Demonstrators from more than 1,000 organizations representing millions of people plan to demand that world leaders take action against human-driven climate change. The Sept. 21 march through midtown Manhattan will take place two days before a United Nations summit in the city that will lay the groundwork for climate-change treaty talks next year in Paris. It will also kick off the sixth annual Climate Week NYC, with almost 80 events focused on climate change such as conferences, lectures, debates and concerts.

MORE: Climate Week NYC: 10 Top Places to Be

The march will be the first major demonstration of how dramatically the climate movement has changed and expanded in the past five years. Once considered an issue only for environmentalists, global warming has become part of the agenda for labor unions, faith-based organizations, schools, small businesses, international nongovernmental organizations, and student, social justice, parenting, public health and political groups, among others.

“Climate change is no longer a privileged, environmental issue anymore,” said Becki Clayborn, one of the Sierra Club’s organizers for the event. “It is affecting all of us, immediately.
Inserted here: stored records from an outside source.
lemma choose_square_eq_sum:
  assumes "k \<le> N"
  shows "(N choose k)^2 = (\<Sum>i\<le>k. (N choose k) * (k choose i) * ((N - k) choose i))"
proof -
  have "(\<Sum>i\<le>k. ((N - k) choose i) * (k choose (k - i))) = (N - k + k) choose k"
    by (rule vandermonde)
  also have "\<dots> = N choose k"
    using assms by simp
  also have "(\<Sum>i\<le>k. ((N - k) choose i) * (k choose (k - i))) = (\<Sum>i\<le>k. (k choose i) * ((N - k) choose i))"
    by (intro sum.cong refl) (simp add: binomial_symmetric[symmetric])
  finally have "N choose k = (\<Sum>i\<le>k. (k choose i) * ((N - k) choose i))" ..
  then show ?thesis
    by (simp add: power2_eq_square sum_distrib_left mult.assoc)
qed

lemma sum_choose_squared_powers:
  fixes x y :: "'a::comm_semiring_1"
  shows "(\<Sum>k\<le>N. of_nat ((N choose k)^2) * x^(N - k) * y^k)
       = (\<Sum>i\<le>N div 2. of_nat ((N choose (2*i)) * ((2*i) choose i)) * (x + y)^(N - 2*i) * (x*y)^i)"
proof -
  define f where "f = (\<lambda>(k, i). of_nat ((N choose k) * (k choose i) * ((N - k) choose i)) * x^(N - k) * y^k)"
  define g where "g = (\<lambda>(i, l). of_nat ((N choose (2*i)) * ((2*i) choose i) * ((N - 2*i) choose l))
                                 * x^(N - 2*i - l) * y^l * (x*y)^i)"
  have "(\<Sum>k\<le>N. of_nat ((N choose k)^2) * x^(N - k) * y^k) = (\<Sum>k\<le>N. \<Sum>i\<le>k. f (k, i))"
    by (intro sum.cong refl) (simp add: choose_square_eq_sum f_def sum_distrib_right)
  also have "\<dots> = sum f (SIGMA k:{..N}. {..k})"
    by (subst sum.Sigma) auto
  also have "\<dots> = sum f {(k, i). i \<le> k \<and> k + i \<le> N}"
  proof (rule sum.mono_neutral_right)
    show "\<forall>p \<in> (SIGMA k:{..N}. {..k}) - {(k, i). i \<le> k \<and> k + i \<le> N}. f p = 0"
    proof
      fix p assume "p \<in> (SIGMA k:{..N}. {..k}) - {(k, i). i \<le> k \<and> k + i \<le> N}"
      then obtain k i where "p = (k, i)" and "N - k < i"
        by force
      then show "f p = 0"
        by (simp add: f_def binomial_eq_0)
    qed
  qed auto
  also have "\<dots> = sum g (SIGMA i:{..N div 2}. {..N - 2*i})"
  proof (rule sum.reindex_bij_witness[where j = "\<lambda>(k, i). (i, k - i)" and i = "\<lambda>(i, l). (i + l, i)"])
    fix p assume "p \<in> {(k, i). i \<le> k \<and> k + i \<le> N}"
    then obtain i l r where p: "p = (i + l, i)" and N: "N = 2*i + l + r"
      by (auto dest!: le_Suc_ex)
    have "f (i + l, i) = of_nat ((N choose (2*i)) * ((2*i) choose i) * ((l + r) choose l)) * x^(i + r) * y^(i + l)"
      using choose_mult_rearrange[of i l r] by (simp add: f_def N add.commute add.left_commute del: of_nat_mult)
    also have "\<dots> = g (i, l)"
      by (simp add: g_def N power_add power_mult_distrib mult_ac)
    finally show "g (case p of (k, i) \<Rightarrow> (i, k - i)) = f p"
      by (simp add: p)
  qed auto
  also have "\<dots> = (\<Sum>i\<le>N div 2. \<Sum>l\<le>N - 2*i. g (i, l))"
    by (subst sum.Sigma) auto
  also have "\<dots> = (\<Sum>i\<le>N div 2. of_nat ((N choose (2*i)) * ((2*i) choose i)) * (x + y)^(N - 2*i) * (x*y)^i)"
  proof (intro sum.cong refl)
    fix i
    have "(x + y)^(N - 2*i) = (\<Sum>l\<le>N - 2*i. of_nat ((N - 2*i) choose l) * y^l * x^(N - 2*i - l))"
      by (subst add.commute) (rule binomial_ring)
    then show "(\<Sum>l\<le>N - 2*i. g (i, l))
        = of_nat ((N choose (2*i)) * ((2*i) choose i)) * (x + y)^(N - 2*i) * (x*y)^i"
      by (simp add: g_def sum_distrib_left sum_distrib_right mult_ac)
  qed
  finally show ?thesis .
qed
Because of that, people who haven’t gotten involved in the past are joining the fight.”

Organizers are calling it the “largest climate march in history,” with estimates ranging from a few thousand to hundreds of thousands of demonstrators. The march will travel two miles through midtown Manhattan, passing Central Park, Radio City Music Hall, Rockefeller Center, Bryant Park and Times Square.

The coalition doesn’t have a list of demands. Organizers say it will be enough of an accomplishment to show world leaders how many disparate interests and how many people want action—any action—on global warming. Getting agreement on an agenda from hundreds of organizations was beyond the scope of the project, they say.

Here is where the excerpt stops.